"""

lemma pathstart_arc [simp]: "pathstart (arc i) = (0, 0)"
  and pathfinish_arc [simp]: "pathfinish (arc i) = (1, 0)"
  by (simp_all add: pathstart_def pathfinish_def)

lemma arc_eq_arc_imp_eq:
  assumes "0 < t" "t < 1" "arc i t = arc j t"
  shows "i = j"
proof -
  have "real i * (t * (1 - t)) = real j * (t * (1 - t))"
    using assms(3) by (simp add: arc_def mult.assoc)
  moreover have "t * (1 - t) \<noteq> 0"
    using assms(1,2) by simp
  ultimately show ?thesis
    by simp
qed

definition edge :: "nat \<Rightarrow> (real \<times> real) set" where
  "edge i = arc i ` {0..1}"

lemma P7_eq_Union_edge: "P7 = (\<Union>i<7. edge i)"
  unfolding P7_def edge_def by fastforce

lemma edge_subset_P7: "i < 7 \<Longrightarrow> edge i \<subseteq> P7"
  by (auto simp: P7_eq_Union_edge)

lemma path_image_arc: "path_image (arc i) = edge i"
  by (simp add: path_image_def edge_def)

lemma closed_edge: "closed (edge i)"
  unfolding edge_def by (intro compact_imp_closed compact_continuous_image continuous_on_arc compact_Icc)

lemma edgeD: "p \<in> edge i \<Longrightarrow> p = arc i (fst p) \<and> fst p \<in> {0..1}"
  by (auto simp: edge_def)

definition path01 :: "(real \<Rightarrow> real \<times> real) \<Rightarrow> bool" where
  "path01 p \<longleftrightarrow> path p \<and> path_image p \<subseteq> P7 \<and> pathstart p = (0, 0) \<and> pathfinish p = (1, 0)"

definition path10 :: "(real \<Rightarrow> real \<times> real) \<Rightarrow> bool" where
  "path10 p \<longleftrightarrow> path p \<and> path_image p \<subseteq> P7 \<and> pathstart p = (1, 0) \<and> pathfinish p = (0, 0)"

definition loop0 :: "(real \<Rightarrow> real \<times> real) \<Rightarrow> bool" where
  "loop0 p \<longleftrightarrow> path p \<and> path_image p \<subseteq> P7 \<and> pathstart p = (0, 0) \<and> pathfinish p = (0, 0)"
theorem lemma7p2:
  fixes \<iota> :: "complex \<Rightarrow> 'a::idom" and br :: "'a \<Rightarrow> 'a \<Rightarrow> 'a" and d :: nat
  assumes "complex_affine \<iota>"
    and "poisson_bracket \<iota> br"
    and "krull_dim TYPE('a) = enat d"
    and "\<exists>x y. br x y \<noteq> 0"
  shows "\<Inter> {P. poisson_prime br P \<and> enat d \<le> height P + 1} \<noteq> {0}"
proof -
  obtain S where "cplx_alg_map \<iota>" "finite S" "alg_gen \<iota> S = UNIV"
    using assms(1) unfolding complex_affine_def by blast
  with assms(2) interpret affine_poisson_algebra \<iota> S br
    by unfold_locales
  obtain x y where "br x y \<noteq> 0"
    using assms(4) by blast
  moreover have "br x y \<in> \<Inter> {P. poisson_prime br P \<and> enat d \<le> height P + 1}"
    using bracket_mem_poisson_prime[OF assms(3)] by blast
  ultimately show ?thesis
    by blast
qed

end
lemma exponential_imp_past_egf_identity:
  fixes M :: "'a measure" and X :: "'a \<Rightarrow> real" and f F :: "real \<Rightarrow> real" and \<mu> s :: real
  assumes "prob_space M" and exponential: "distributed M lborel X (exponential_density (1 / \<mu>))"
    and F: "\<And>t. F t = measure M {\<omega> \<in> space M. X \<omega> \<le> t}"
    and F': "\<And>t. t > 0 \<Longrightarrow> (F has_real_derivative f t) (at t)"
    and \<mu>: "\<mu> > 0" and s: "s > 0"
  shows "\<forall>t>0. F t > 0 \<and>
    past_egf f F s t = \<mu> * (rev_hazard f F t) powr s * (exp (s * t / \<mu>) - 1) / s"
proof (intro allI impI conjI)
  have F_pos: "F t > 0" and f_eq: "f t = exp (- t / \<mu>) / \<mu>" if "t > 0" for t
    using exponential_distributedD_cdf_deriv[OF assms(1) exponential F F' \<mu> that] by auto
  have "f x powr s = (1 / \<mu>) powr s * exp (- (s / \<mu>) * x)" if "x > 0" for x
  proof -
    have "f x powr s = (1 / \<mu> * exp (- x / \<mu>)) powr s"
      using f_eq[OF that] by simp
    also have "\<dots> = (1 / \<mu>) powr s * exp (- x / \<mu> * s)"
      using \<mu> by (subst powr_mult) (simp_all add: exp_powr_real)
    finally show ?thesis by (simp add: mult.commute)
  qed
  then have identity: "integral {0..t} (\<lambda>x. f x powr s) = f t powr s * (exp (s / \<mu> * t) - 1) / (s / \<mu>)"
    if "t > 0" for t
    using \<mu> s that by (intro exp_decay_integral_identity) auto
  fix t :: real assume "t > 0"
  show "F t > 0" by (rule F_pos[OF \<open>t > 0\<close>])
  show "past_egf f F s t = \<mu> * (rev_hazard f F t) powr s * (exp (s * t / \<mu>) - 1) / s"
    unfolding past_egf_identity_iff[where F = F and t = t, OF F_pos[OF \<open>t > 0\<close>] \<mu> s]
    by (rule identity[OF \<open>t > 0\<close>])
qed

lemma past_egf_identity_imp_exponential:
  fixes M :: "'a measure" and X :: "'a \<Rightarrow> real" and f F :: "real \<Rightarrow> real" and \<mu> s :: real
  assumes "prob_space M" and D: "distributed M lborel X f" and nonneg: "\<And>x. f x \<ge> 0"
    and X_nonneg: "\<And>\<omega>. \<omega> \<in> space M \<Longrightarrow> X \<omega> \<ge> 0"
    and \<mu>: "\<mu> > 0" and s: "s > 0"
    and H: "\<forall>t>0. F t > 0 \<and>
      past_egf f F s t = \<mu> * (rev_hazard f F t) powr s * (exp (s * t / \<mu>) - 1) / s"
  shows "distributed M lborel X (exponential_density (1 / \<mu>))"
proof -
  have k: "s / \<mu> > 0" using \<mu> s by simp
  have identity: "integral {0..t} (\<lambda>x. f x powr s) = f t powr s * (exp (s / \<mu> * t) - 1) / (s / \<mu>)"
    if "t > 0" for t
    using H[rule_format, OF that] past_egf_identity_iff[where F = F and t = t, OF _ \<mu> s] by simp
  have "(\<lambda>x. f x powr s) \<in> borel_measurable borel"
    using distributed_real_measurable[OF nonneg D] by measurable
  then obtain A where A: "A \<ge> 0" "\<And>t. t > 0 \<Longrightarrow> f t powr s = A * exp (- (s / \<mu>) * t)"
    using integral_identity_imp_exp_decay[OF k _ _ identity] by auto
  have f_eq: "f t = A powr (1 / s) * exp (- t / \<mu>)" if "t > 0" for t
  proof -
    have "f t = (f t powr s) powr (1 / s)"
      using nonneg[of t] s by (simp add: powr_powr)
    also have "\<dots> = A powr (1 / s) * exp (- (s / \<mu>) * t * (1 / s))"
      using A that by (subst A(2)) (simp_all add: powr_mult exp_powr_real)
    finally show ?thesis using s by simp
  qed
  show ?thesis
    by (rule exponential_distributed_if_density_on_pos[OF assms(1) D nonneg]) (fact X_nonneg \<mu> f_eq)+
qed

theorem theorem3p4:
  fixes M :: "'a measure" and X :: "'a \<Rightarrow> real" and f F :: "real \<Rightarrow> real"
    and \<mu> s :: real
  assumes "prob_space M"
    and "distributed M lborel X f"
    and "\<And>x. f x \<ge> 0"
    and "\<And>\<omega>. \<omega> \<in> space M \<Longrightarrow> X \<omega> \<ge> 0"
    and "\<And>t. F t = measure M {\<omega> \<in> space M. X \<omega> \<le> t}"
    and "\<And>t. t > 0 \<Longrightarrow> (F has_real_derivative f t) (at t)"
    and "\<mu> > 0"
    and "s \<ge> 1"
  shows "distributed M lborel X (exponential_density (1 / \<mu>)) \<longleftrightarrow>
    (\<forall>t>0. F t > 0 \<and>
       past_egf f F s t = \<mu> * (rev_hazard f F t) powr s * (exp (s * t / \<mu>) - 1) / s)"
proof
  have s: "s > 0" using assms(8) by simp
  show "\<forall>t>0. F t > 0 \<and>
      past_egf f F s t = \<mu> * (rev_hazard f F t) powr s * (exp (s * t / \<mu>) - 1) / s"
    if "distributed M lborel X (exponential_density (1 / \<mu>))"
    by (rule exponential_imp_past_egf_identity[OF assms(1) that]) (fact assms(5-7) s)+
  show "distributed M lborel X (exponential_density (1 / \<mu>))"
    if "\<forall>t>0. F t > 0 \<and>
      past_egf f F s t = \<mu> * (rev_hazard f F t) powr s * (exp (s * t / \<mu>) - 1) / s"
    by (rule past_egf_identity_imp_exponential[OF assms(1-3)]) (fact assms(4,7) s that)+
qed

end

"""

(Task statement)
Scan the lines above, and whenever one holds the string "unfolding", copy it.

(Exercise result)
  unfolding P7_def edge_def by fastforce
  unfolding edge_def by (intro compact_imp_closed compact_continuous_image continuous_on_arc compact_Icc)
    using assms(1) unfolding complex_affine_def by blast
    unfolding past_egf_identity_iff[where F = F and t = t, OF F_pos[OF \<open>t > 0\<close>] \<mu> s]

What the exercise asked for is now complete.